* _DESCRIPTION OF THE TASK_:
Reproduce each record below exactly as written.
━━ MATERIAL FOR THIS EXERCISE ━━
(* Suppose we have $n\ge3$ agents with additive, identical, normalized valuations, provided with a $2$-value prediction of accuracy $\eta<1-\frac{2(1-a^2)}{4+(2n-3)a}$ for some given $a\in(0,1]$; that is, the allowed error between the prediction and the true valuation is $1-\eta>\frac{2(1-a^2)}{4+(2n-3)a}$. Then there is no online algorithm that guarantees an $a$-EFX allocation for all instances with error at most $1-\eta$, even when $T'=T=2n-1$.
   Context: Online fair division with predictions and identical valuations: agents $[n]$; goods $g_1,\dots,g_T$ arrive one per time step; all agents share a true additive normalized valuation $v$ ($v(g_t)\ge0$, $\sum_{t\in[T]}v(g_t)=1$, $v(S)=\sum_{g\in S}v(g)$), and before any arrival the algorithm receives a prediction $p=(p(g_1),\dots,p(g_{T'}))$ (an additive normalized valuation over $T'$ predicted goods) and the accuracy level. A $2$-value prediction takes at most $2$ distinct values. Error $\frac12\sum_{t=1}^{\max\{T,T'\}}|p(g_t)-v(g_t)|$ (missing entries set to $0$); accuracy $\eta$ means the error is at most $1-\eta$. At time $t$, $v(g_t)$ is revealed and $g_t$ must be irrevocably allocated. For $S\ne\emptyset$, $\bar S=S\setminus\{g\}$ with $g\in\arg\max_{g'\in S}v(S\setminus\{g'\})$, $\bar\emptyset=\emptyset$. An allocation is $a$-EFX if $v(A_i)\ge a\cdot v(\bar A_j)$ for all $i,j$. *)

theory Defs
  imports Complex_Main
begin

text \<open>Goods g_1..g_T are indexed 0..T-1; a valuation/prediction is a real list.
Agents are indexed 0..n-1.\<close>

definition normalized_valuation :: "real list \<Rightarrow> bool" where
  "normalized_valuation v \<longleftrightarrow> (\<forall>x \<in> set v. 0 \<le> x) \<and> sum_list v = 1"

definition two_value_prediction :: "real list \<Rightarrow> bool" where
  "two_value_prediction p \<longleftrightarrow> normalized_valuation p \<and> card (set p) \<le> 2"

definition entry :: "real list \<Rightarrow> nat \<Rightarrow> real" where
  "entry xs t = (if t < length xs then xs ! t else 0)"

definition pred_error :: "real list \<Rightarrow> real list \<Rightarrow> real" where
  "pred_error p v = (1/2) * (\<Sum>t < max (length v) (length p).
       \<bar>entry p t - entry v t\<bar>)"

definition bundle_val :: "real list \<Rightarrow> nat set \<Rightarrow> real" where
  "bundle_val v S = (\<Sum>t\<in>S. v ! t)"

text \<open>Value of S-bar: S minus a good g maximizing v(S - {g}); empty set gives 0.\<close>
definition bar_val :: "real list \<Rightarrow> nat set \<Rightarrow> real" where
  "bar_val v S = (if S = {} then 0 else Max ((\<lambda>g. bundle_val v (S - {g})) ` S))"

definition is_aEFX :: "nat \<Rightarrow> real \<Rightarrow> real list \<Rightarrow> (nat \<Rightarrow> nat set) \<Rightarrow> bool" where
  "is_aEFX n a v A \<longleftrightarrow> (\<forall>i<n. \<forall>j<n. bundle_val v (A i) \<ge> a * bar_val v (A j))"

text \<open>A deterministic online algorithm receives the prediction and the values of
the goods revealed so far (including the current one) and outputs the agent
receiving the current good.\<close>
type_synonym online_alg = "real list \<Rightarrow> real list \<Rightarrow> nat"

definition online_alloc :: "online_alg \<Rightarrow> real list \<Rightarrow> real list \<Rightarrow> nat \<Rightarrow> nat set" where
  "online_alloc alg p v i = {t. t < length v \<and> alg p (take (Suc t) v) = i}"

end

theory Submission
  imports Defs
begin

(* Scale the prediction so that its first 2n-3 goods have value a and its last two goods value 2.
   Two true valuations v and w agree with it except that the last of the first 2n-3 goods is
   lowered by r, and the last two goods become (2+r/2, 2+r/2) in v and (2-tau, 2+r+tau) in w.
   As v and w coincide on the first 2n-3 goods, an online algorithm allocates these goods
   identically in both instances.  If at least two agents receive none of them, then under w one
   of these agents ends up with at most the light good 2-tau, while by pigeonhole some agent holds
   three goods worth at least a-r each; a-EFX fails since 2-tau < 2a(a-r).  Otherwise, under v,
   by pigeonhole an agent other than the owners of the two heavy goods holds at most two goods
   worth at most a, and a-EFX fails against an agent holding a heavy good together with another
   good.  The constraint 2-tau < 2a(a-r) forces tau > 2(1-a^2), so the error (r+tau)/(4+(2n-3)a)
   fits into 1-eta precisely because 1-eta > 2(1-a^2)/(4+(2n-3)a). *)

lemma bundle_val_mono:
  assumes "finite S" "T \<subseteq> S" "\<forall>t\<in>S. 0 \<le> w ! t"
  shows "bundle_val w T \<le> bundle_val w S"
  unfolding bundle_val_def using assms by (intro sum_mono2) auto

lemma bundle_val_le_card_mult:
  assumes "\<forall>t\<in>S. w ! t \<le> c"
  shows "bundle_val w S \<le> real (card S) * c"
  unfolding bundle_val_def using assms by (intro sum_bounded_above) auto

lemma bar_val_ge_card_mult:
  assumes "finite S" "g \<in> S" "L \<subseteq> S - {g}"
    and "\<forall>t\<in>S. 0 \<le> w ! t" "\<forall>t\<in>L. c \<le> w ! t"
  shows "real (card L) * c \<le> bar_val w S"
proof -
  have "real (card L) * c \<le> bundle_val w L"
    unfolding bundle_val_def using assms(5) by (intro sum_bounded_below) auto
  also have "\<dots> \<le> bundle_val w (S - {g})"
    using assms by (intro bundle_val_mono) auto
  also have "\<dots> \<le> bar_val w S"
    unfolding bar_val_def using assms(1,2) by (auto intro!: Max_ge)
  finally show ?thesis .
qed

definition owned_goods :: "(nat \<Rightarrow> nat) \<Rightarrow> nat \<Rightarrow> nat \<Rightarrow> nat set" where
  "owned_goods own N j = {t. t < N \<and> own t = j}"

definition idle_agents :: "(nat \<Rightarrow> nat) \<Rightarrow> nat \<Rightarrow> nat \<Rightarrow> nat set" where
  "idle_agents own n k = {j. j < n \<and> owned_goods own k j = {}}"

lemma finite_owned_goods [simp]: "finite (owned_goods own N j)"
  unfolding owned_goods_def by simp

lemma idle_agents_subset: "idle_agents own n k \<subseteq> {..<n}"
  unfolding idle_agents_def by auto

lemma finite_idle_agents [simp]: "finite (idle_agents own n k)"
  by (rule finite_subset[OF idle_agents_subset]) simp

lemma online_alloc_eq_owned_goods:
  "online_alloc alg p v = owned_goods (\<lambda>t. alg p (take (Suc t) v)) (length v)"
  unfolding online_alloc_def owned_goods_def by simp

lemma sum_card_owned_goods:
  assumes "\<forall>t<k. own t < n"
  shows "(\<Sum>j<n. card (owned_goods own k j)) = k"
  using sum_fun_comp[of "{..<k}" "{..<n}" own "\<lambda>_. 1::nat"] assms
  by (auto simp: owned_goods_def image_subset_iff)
━━━
* _THE ANSWER_:
(* Suppose we have $n\ge3$ agents with additive, identical, normalized valuations, provided with a $2$-value prediction of accuracy $\eta<1-\frac{2(1-a^2)}{4+(2n-3)a}$ for some given $a\in(0,1]$; that is, the allowed error between the prediction and the true valuation is $1-\eta>\frac{2(1-a^2)}{4+(2n-3)a}$. Then there is no online algorithm that guarantees an $a$-EFX allocation for all instances with error at most $1-\eta$, even when $T'=T=2n-1$.
   Context: Online fair division with predictions and identical valuations: agents $[n]$; goods $g_1,\dots,g_T$ arrive one per time step; all agents share a true additive normalized valuation $v$ ($v(g_t)\ge0$, $\sum_{t\in[T]}v(g_t)=1$, $v(S)=\sum_{g\in S}v(g)$), and before any arrival the algorithm receives a prediction $p=(p(g_1),\dots,p(g_{T'}))$ (an additive normalized valuation over $T'$ predicted goods) and the accuracy level. A $2$-value prediction takes at most $2$ distinct values. Error $\frac12\sum_{t=1}^{\max\{T,T'\}}|p(g_t)-v(g_t)|$ (missing entries set to $0$); accuracy $\eta$ means the error is at most $1-\eta$. At time $t$, $v(g_t)$ is revealed and $g_t$ must be irrevocably allocated. For $S\ne\emptyset$, $\bar S=S\setminus\{g\}$ with $g\in\arg\max_{g'\in S}v(S\setminus\{g'\})$, $\bar\emptyset=\emptyset$. An allocation is $a$-EFX if $v(A_i)\ge a\cdot v(\bar A_j)$ for all $i,j$. *)

theory Defs
  imports Complex_Main
begin

text \<open>Goods g_1..g_T are indexed 0..T-1; a valuation/prediction is a real list.
Agents are indexed 0..n-1.\<close>

definition normalized_valuation :: "real list \<Rightarrow> bool" where
  "normalized_valuation v \<longleftrightarrow> (\<forall>x \<in> set v. 0 \<le> x) \<and> sum_list v = 1"

definition two_value_prediction :: "real list \<Rightarrow> bool" where
  "two_value_prediction p \<longleftrightarrow> normalized_valuation p \<and> card (set p) \<le> 2"

definition entry :: "real list \<Rightarrow> nat \<Rightarrow> real" where
  "entry xs t = (if t < length xs then xs ! t else 0)"

definition pred_error :: "real list \<Rightarrow> real list \<Rightarrow> real" where
  "pred_error p v = (1/2) * (\<Sum>t < max (length v) (length p).
       \<bar>entry p t - entry v t\<bar>)"

definition bundle_val :: "real list \<Rightarrow> nat set \<Rightarrow> real" where
  "bundle_val v S = (\<Sum>t\<in>S. v ! t)"

text \<open>Value of S-bar: S minus a good g maximizing v(S - {g}); empty set gives 0.\<close>
definition bar_val :: "real list \<Rightarrow> nat set \<Rightarrow> real" where
  "bar_val v S = (if S = {} then 0 else Max ((\<lambda>g. bundle_val v (S - {g})) ` S))"

definition is_aEFX :: "nat \<Rightarrow> real \<Rightarrow> real list \<Rightarrow> (nat \<Rightarrow> nat set) \<Rightarrow> bool" where
  "is_aEFX n a v A \<longleftrightarrow> (\<forall>i<n. \<forall>j<n. bundle_val v (A i) \<ge> a * bar_val v (A j))"

text \<open>A deterministic online algorithm receives the prediction and the values of
the goods revealed so far (including the current one) and outputs the agent
receiving the current good.\<close>
type_synonym online_alg = "real list \<Rightarrow> real list \<Rightarrow> nat"

definition online_alloc :: "online_alg \<Rightarrow> real list \<Rightarrow> real list \<Rightarrow> nat \<Rightarrow> nat set" where
  "online_alloc alg p v i = {t. t < length v \<and> alg p (take (Suc t) v) = i}"

end

theory Submission
  imports Defs
begin

(* Scale the prediction so that its first 2n-3 goods have value a and its last two goods value 2.
   Two true valuations v and w agree with it except that the last of the first 2n-3 goods is
   lowered by r, and the last two goods become (2+r/2, 2+r/2) in v and (2-tau, 2+r+tau) in w.
   As v and w coincide on the first 2n-3 goods, an online algorithm allocates these goods
   identically in both instances.  If at least two agents receive none of them, then under w one
   of these agents ends up with at most the light good 2-tau, while by pigeonhole some agent holds
   three goods worth at least a-r each; a-EFX fails since 2-tau < 2a(a-r).  Otherwise, under v,
   by pigeonhole an agent other than the owners of the two heavy goods holds at most two goods
   worth at most a, and a-EFX fails against an agent holding a heavy good together with another
   good.  The constraint 2-tau < 2a(a-r) forces tau > 2(1-a^2), so the error (r+tau)/(4+(2n-3)a)
   fits into 1-eta precisely because 1-eta > 2(1-a^2)/(4+(2n-3)a). *)

lemma bundle_val_mono:
  assumes "finite S" "T \<subseteq> S" "\<forall>t\<in>S. 0 \<le> w ! t"
  shows "bundle_val w T \<le> bundle_val w S"
  unfolding bundle_val_def using assms by (intro sum_mono2) auto

lemma bundle_val_le_card_mult:
  assumes "\<forall>t\<in>S. w ! t \<le> c"
  shows "bundle_val w S \<le> real (card S) * c"
  unfolding bundle_val_def using assms by (intro sum_bounded_above) auto

lemma bar_val_ge_card_mult:
  assumes "finite S" "g \<in> S" "L \<subseteq> S - {g}"
    and "\<forall>t\<in>S. 0 \<le> w ! t" "\<forall>t\<in>L. c \<le> w ! t"
  shows "real (card L) * c \<le> bar_val w S"
proof -
  have "real (card L) * c \<le> bundle_val w L"
    unfolding bundle_val_def using assms(5) by (intro sum_bounded_below) auto
  also have "\<dots> \<le> bundle_val w (S - {g})"
    using assms by (intro bundle_val_mono) auto
  also have "\<dots> \<le> bar_val w S"
    unfolding bar_val_def using assms(1,2) by (auto intro!: Max_ge)
  finally show ?thesis .
qed

definition owned_goods :: "(nat \<Rightarrow> nat) \<Rightarrow> nat \<Rightarrow> nat \<Rightarrow> nat set" where
  "owned_goods own N j = {t. t < N \<and> own t = j}"

definition idle_agents :: "(nat \<Rightarrow> nat) \<Rightarrow> nat \<Rightarrow> nat \<Rightarrow> nat set" where
  "idle_agents own n k = {j. j < n \<and> owned_goods own k j = {}}"

lemma finite_owned_goods [simp]: "finite (owned_goods own N j)"
  unfolding owned_goods_def by simp

lemma idle_agents_subset: "idle_agents own n k \<subseteq> {..<n}"
  unfolding idle_agents_def by auto

lemma finite_idle_agents [simp]: "finite (idle_agents own n k)"
  by (rule finite_subset[OF idle_agents_subset]) simp

lemma online_alloc_eq_owned_goods:
  "online_alloc alg p v = owned_goods (\<lambda>t. alg p (take (Suc t) v)) (length v)"
  unfolding online_alloc_def owned_goods_def by simp

lemma sum_card_owned_goods:
  assumes "\<forall>t<k. own t < n"
  shows "(\<Sum>j<n. card (owned_goods own k j)) = k"
  using sum_fun_comp[of "{..<k}" "{..<n}" own "\<lambda>_. 1::nat"] assms
  by (auto simp: owned_goods_def image_subset_iff)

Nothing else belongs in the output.